17c is one you will see cuts on. You simple can't put 7, 000 hunters on a small a area as they did. Its now a 18 buck to doe ratio unit. Lol the only reason its that high is its attached to the front which carries above 30/100 ratio. So you take the mean that says the buck to doe ratios on the none front side of 17c is LOW good luck rifle hunters on that area. The jokes on you


----------



## Lonetree (Dec 4, 2010)

Here is the thing for all you folks that keep pointing to the Books in the '80s, or any other area for that matter in the "good ol' days. How come when they lifted the antler restrictions in Utah, the deer in Idaho also declined? I have pointed out this fact over and over again, but some folks here, don't seem to get it. Mule deer numbers have risen and fallen, synchronously across the West. This goes for Moose, and Bighorn sheep as well. They all started to decline in the early '80s, with additional declines in the early '90s, and the early 2000s. This is the same time frame for an unprecedented increase in invasive weeds in the West. Amphibian declines follow the same course. The current pine beetle invasion began in 1980 in earnest. And the phragmites that is invading many waters in the US, all took off, in the early '80s. This is an ecological collapse.

Predator control has not brought the deer back. Antler restrictions did not bring the deer back. Its not fire. Its not highways. Its not pinion and juniper encroachment. Its not the elk. And I almost forgot, Option WTF? will not do it either. 

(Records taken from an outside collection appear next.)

lemma representation_SS_act:
  assumes "u \<in> carrier (S \<times>\<times> S)" "y \<in> Y"
  shows "representation Y (act u a) (act u y) = representation Y a y"
proof (rule representation_module_hom_image[OF independent_Y span_Y module_hom_SS_act _ _ assms(2)])
  show "act u ` Y \<subseteq> Y" using SS_act_basis[OF assms(1)] by blast
  show "inj_on (act u) Y" by (metis SS_act_inv_cancel[OF assms(1)] inj_onI)
qed

lemma SS_act_coset_representative:
  assumes "subgroup V (S \<times>\<times> S)" "u \<in> carrier (S \<times>\<times> S)" "\<forall>v\<in>V. act v b = b"
  shows "act (SOME w. w \<in> u <#\<^bsub>S \<times>\<times> S\<^esub> V) b = act u b"
proof -
  have "u \<in> u <#\<^bsub>S \<times>\<times> S\<^esub> V"
    using SS.lcos_self[OF assms(2,1)] .
  then have "(SOME w. w \<in> u <#\<^bsub>S \<times>\<times> S\<^esub> V) \<in> u <#\<^bsub>S \<times>\<times> S\<^esub> V"
    by (rule someI)
  then obtain v where "v \<in> V" "(SOME w. w \<in> u <#\<^bsub>S \<times>\<times> S\<^esub> V) = u \<otimes>\<^bsub>S \<times>\<times> S\<^esub> v"
    by (auto simp: l_coset_def)
  then show ?thesis
    using SS_act_mult[OF assms(2)] subgroup.mem_carrier[OF assms(1)] assms(3) by simp
qed

lemma subgroup_stabilizer:
  assumes U: "subgroup U (S \<times>\<times> S)"
  shows "subgroup {u \<in> U. act u b = b} (S \<times>\<times> S)"
proof (rule SS.subgroupI)
  have U_carrier: "U \<subseteq> carrier (S \<times>\<times> S)"
    using subgroup.subset[OF U] .
  then show "{u \<in> U. act u b = b} \<subseteq> carrier (S \<times>\<times> S)"
    by auto
  have "\<one>\<^bsub>S \<times>\<times> S\<^esub> \<in> {u \<in> U. act u b = b}"
    using subgroup.one_closed[OF U] by simp
  then show "{u \<in> U. act u b = b} \<noteq> {}" by blast
  show "inv\<^bsub>S \<times>\<times> S\<^esub> u \<in> {u \<in> U. act u b = b}" if "u \<in> {u \<in> U. act u b = b}" for u
    using that U_carrier SS_act_inv_cancel[of u b] subgroup.m_inv_closed[OF U] by auto
  show "u \<otimes>\<^bsub>S \<times>\<times> S\<^esub> v \<in> {u \<in> U. act u b = b}"
    if "u \<in> {u \<in> U. act u b = b}" "v \<in> {u \<in> U. act u b = b}" for u v
    using that U_carrier SS_act_mult[of u v b] subgroup.m_closed[OF U] by auto
qed
section \<open>Majorization\<close>

text \<open>On the indices \<open>{Suc m..<n}\<close>, \<open>merge_pair j w h\<close> lists \<open>h m, \<dots>, h (j - 1), w,
  h (j + 2), \<dots>, h (n - 1)\<close>: the adjacent entries \<open>h j\<close> and \<open>h (Suc j)\<close> are merged into \<open>w\<close>
  in place.\<close>
definition merge_pair :: "nat \<Rightarrow> 'b \<Rightarrow> (nat \<Rightarrow> 'b) \<Rightarrow> nat \<Rightarrow> 'b" where
  "merge_pair j w h i = (if i \<le> j then h (i - 1) else if i = Suc j then w else h i)"

lemma image_merge_pair:
  assumes "m \<le> j" "Suc j < n"
  shows "merge_pair j w h ` {Suc m..<n} = insert w (h ` ({m..<n} - {j, Suc j}))"
proof (intro equalityI subsetI)
  fix x assume "x \<in> merge_pair j w h ` {Suc m..<n}"
  then obtain i where "i \<in> {Suc m..<n}" "x = merge_pair j w h i"
    by blast
  then show "x \<in> insert w (h ` ({m..<n} - {j, Suc j}))"
    unfolding merge_pair_def by (auto split: if_splits intro!: imageI)
next
  fix x assume x: "x \<in> insert w (h ` ({m..<n} - {j, Suc j}))"
  have "w = merge_pair j w h (Suc j)" "Suc j \<in> {Suc m..<n}"
    using assms by (simp_all add: merge_pair_def)
  moreover have "h i \<in> merge_pair j w h ` {Suc m..<n}" if "i \<in> {m..<n} - {j, Suc j}" for i
  proof (cases "i < j")
    case True
    then have "h i = merge_pair j w h (Suc i)" "Suc i \<in> {Suc m..<n}"
      using that assms by (simp_all add: merge_pair_def)
    then show ?thesis by blast
  next
    case False
    then have "h i = merge_pair j w h i" "i \<in> {Suc m..<n}"
      using that assms by (auto simp: merge_pair_def)
    then show ?thesis by blast
  qed
  ultimately show "x \<in> merge_pair j w h ` {Suc m..<n}"
    using x by blast
qed
lemma kappa_P_gens_pred_subset:
  "kappa ` P_gens n (r - 1) (k + 1) \<subseteq> fspan (P_gens n (r - 1) k) \<union> kappa ` monomial ` Mon n (r - 1) (k + 1)"
proof
  fix g assume "g \<in> kappa ` P_gens n (r - 1) (k + 1)"
  then obtain m j where g: "j \<in> {0..r - 1}" "m \<in> Mon n j (k + 1)" "g = kappa (monomial m)"
    by (auto simp: P_gens_def)
  show "g \<in> fspan (P_gens n (r - 1) k) \<union> kappa ` monomial ` Mon n (r - 1) (k + 1)"
  proof (cases "j = r - 1")
    case False
    then have "supp g \<subseteq> (\<Union>j\<in>{0..r - 1}. Mon n j k)"
      using g supp_kappa_monomial[OF g(2)] by (intro subset_trans[OF _ UN_upper[of "j + 1"]]) auto
    then show ?thesis by (simp add: span_P_gens)
  qed (use g in auto)
qed

lemma kappa_J_gens: "kappa ` J_gens n r k \<subseteq> {0}"
  using J_gens_subset_kappa_range kappa_kappa by (fastforce simp: kappa_range_def)

lemma Sminus_eq_gens:
  assumes "1 \<le> r" "0 \<le> k"
  shows "Sminus n r k = fspan (P_gens n (r - 1) k \<union> kappa ` monomial ` Mon n (r - 1) (k + 1)
      \<union> J_gens n r k \<union> dext n ` J_gens n r (k - 1))" (is "_ = fspan ?T")
proof -
  let ?U = "P_gens n (r - 1) k \<union> J_gens n (r - 1) k \<union> dext n ` J_gens n r (k - 1)
   \<union> kappa ` P_gens n (r - 1) (k + 1) \<union> kappa ` J_gens n (r - 1) (k + 1) \<union> kappa ` dext n ` J_gens n r k"
  have T: "?T \<subseteq> fspan ?T" by (rule fvs.span_superset)
  have P: "fspan (P_gens n (r - 1) k) \<subseteq> fspan ?T" and J: "fspan (J_gens n r k) \<subseteq> fspan ?T"
    by (intro fvs.span_mono; blast)+
  have "J_gens n (r - 1) k \<subseteq> fspan ?T"
    using J_gens_pred_subset[of n r k] T by blast
  moreover have "kappa ` P_gens n (r - 1) (k + 1) \<subseteq> fspan ?T"
    using kappa_P_gens_pred_subset[of n r k] P T by blast
  moreover have "kappa ` J_gens n (r - 1) (k + 1) \<subseteq> fspan ?T"
    by (rule subset_trans[OF kappa_J_gens]) (simp add: fvs.span_zero)
  moreover have "kappa ` dext n ` J_gens n r k \<subseteq> fspan ?T"
    using kappa_dext_J_gens_subset_span J by (rule subset_trans)
  moreover have "P_gens n (r - 1) k \<union> dext n ` J_gens n r (k - 1) \<subseteq> fspan ?T"
    using T by blast
  ultimately have "?U \<subseteq> fspan ?T" by (simp only: Un_subset_iff)
  moreover have "?T \<subseteq> fspan ?U"
  proof -
    have U: "?U \<subseteq> fspan ?U" by (rule fvs.span_superset)
    have "kappa ` monomial ` Mon n (r - 1) (k + 1) \<subseteq> kappa ` P_gens n (r - 1) (k + 1)"
      using assms(1) unfolding P_gens_def by (intro image_mono UN_upper) auto
    then have "kappa ` monomial ` Mon n (r - 1) (k + 1) \<subseteq> fspan ?U" using U by blast
    moreover have "fspan (kappa ` dext n ` J_gens n r k) \<subseteq> fspan ?U"
      by (rule fvs.span_mono) blast
    then have "J_gens n r k \<subseteq> fspan ?U"
      using J_gens_subset_span_kappa_dext[of r k n] assms by auto
    moreover have "P_gens n (r - 1) k \<union> dext n ` J_gens n r (k - 1) \<subseteq> fspan ?U"
      using U by blast
    ultimately show ?thesis by (simp only: Un_subset_iff)
  qed
  ultimately show ?thesis
    unfolding Sminus_eq fvs.span_eq by blast
qed
definition span_fin_dim :: "('n, 'k::field) witt set \<Rightarrow> bool" where
  "span_fin_dim V \<longleftrightarrow> (\<exists>S. finite S \<and> V \<subseteq> {lin_comb S c | c. True})"

definition locally_finite :: "('n::finite, 'k::field) witt \<Rightarrow> bool" where
  "locally_finite a \<longleftrightarrow>
     (\<forall>b\<in>Witt. span_fin_dim (range (\<lambda>i. (witt_bracket a ^^ i) b)))"

definition lam_deg :: "('n::finite \<Rightarrow> int) \<Rightarrow> ('n \<Rightarrow> int) \<Rightarrow> int" where
  "lam_deg lam \<alpha> = (\<Sum>j\<in>UNIV. lam j * \<alpha> j)"

definition grade_comp :: "('n::finite \<Rightarrow> int) \<Rightarrow> int \<Rightarrow> ('n, 'k::field) witt \<Rightarrow> ('n, 'k) witt" where
  "grade_comp lam i a = (\<lambda>\<alpha>. if lam_deg lam \<alpha> = i then a \<alpha> else (\<lambda>_. 0))"

definition lead_term :: "('n::finite \<Rightarrow> int) \<Rightarrow> ('n, 'k::field) witt \<Rightarrow> ('n, 'k) witt" where
  "lead_term lam a = grade_comp lam (Max (lam_deg lam ` supp a)) a"

definition least_term :: "('n::finite \<Rightarrow> int) \<Rightarrow> ('n, 'k::field) witt \<Rightarrow> ('n, 'k) witt" where
  "least_term lam a = grade_comp lam (Min (lam_deg lam ` supp a)) a"

end

theory Submission
  imports Defs "HOL-Library.Function_Algebras" "HOL.Vector_Spaces"
begin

Goofy, do you think that antler restrictions will fix the moose problem? How about bighorn sheep? Are they declining because people only shoot small rams?

You antler restriction guys don't know what you are talking about. You may feel, or believe a particular way about this issue, but that does not mean anything. There is nothing to support your argument. After antler restrictions were dropped, deer, moose, and bighorn sheep declined in the early '90s. Was this because there were no antler restrictions in place? Remember these declines happened across the West, not just Utah.

Further more, the units with antler restrictions in Utah, saw the same declines as units that did not have antler restrictions. 

If any of you antler restriction guys, want to put your money were your mouth is, how about we bet the fate of next years fawn crop. Any takers?


----------



## swbuckmaster (Sep 14, 2007)

Lt

None of the restrictions, short hunts, ect are a fix end all especially if its acid rain killing our deer like you say. Its only a way to manage what we presently have. 
Just like oil hunts are just that oil hunts. Too much demand and not enough resource. Lt If you gave every rifle buck hunter a moose permit do you think there would be a good moose calf crop next year? Do you think we could issue 90, 000 permits for bighorn sheep and have a good ewe crop next year? How about the next year?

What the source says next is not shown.